Search the records below for "proof (rule pair_measure_eqI)". Return that line and all remaining lines exactly.

◆ Supplied data
#####

lemma (in prob_space) distr_Pair_eq_pair_measure_indep:
  assumes F: "subalgebra M F" and Y: "Y \<in> measurable M N"
    and indep: "indep_set (sets F) (sigma_sets (space M) {Y -` A \<inter> space M | A. A \<in> sets N})"
  shows "distr M F (\<lambda>\<omega>. \<omega>) \<Otimes>\<^sub>M distr M N Y = distr M (F \<Otimes>\<^sub>M N) (\<lambda>\<omega>. (\<omega>, Y \<omega>))"
proof -
  let ?MF = "distr M F (\<lambda>\<omega>. \<omega>)" and ?MY = "distr M N Y"
  have id_measurable: "(\<lambda>\<omega>. \<omega>) \<in> measurable M F"
    using F unfolding subalgebra_def by (intro measurableI) auto
  have pair_measurable: "(\<lambda>\<omega>. (\<omega>, Y \<omega>)) \<in> measurable M (F \<Otimes>\<^sub>M N)"
    using id_measurable Y by (rule measurable_Pair)
  interpret MF: prob_space ?MF by (rule prob_space_distr[OF id_measurable])
  interpret MY: prob_space ?MY by (rule prob_space_distr[OF Y])
  show ?thesis
  proof (rule pair_measure_eqI)
    show "sigma_finite_measure ?MF" "sigma_finite_measure ?MY" by unfold_locales
    show "sets (?MF \<Otimes>\<^sub>M ?MY) = sets (distr M (F \<Otimes>\<^sub>M N) (\<lambda>\<omega>. (\<omega>, Y \<omega>)))"
      by (simp cong: sets_pair_measure_cong)
    fix A B assume "A \<in> sets ?MF" and "B \<in> sets ?MY"
    then have AF: "A \<in> sets F" and BN: "B \<in> sets N" by simp_all
    have AM: "A \<in> sets M" using AF F unfolding subalgebra_def by auto
    have "emeasure (distr M (F \<Otimes>\<^sub>M N) (\<lambda>\<omega>. (\<omega>, Y \<omega>))) (A \<times> B)
        = emeasure M (A \<inter> (Y -` B \<inter> space M))"
      using AF BN sets.sets_into_space[OF AM]
      by (subst emeasure_distr[OF pair_measurable]) (auto intro!: arg_cong[where f="emeasure M"])
    also have "\<dots> = emeasure M A * emeasure M (Y -` B \<inter> space M)"
    proof -
      have "Y -` B \<inter> space M \<in> sigma_sets (space M) {Y -` A \<inter> space M | A. A \<in> sets N}"
        using BN by (intro sigma_sets.Basic) auto
      from indep_setD[OF indep AF this] show ?thesis
        by (simp add: emeasure_eq_measure ennreal_mult measure_nonneg)
    qed
    also have "\<dots> = emeasure ?MF A * emeasure ?MY B"
      using AF AM BN sets.sets_into_space[OF AM]
      by (simp add: emeasure_distr[OF id_measurable] emeasure_distr[OF Y] Int_absorb2)
    finally show "emeasure ?MF A * emeasure ?MY B
        = emeasure (distr M (F \<Otimes>\<^sub>M N) (\<lambda>\<omega>. (\<omega>, Y \<omega>))) (A \<times> B)" by simp
  qed
qed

#####

◆ Problem solution
  proof (rule pair_measure_eqI)
    show "sigma_finite_measure ?MF" "sigma_finite_measure ?MY" by unfold_locales
    show "sets (?MF \<Otimes>\<^sub>M ?MY) = sets (distr M (F \<Otimes>\<^sub>M N) (\<lambda>\<omega>. (\<omega>, Y \<omega>)))"
      by (simp cong: sets_pair_measure_cong)
    fix A B assume "A \<in> sets ?MF" and "B \<in> sets ?MY"
    then have AF: "A \<in> sets F" and BN: "B \<in> sets N" by simp_all
    have AM: "A \<in> sets M" using AF F unfolding subalgebra_def by auto
    have "emeasure (distr M (F \<Otimes>\<^sub>M N) (\<lambda>\<omega>. (\<omega>, Y \<omega>))) (A \<times> B)
        = emeasure M (A \<inter> (Y -` B \<inter> space M))"
      using AF BN sets.sets_into_space[OF AM]
      by (subst emeasure_distr[OF pair_measurable]) (auto intro!: arg_cong[where f="emeasure M"])
    also have "\<dots> = emeasure M A * emeasure M (Y -` B \<inter> space M)"
    proof -
      have "Y -` B \<inter> space M \<in> sigma_sets (space M) {Y -` A \<inter> space M | A. A \<in> sets N}"
        using BN by (intro sigma_sets.Basic) auto
      from indep_setD[OF indep AF this] show ?thesis
        by (simp add: emeasure_eq_measure ennreal_mult measure_nonneg)
    qed
    also have "\<dots> = emeasure ?MF A * emeasure ?MY B"
      using AF AM BN sets.sets_into_space[OF AM]
      by (simp add: emeasure_distr[OF id_measurable] emeasure_distr[OF Y] Int_absorb2)
    finally show "emeasure ?MF A * emeasure ?MY B
        = emeasure (distr M (F \<Otimes>\<^sub>M N) (\<lambda>\<omega>. (\<omega>, Y \<omega>))) (A \<times> B)" by simp
  qed
qed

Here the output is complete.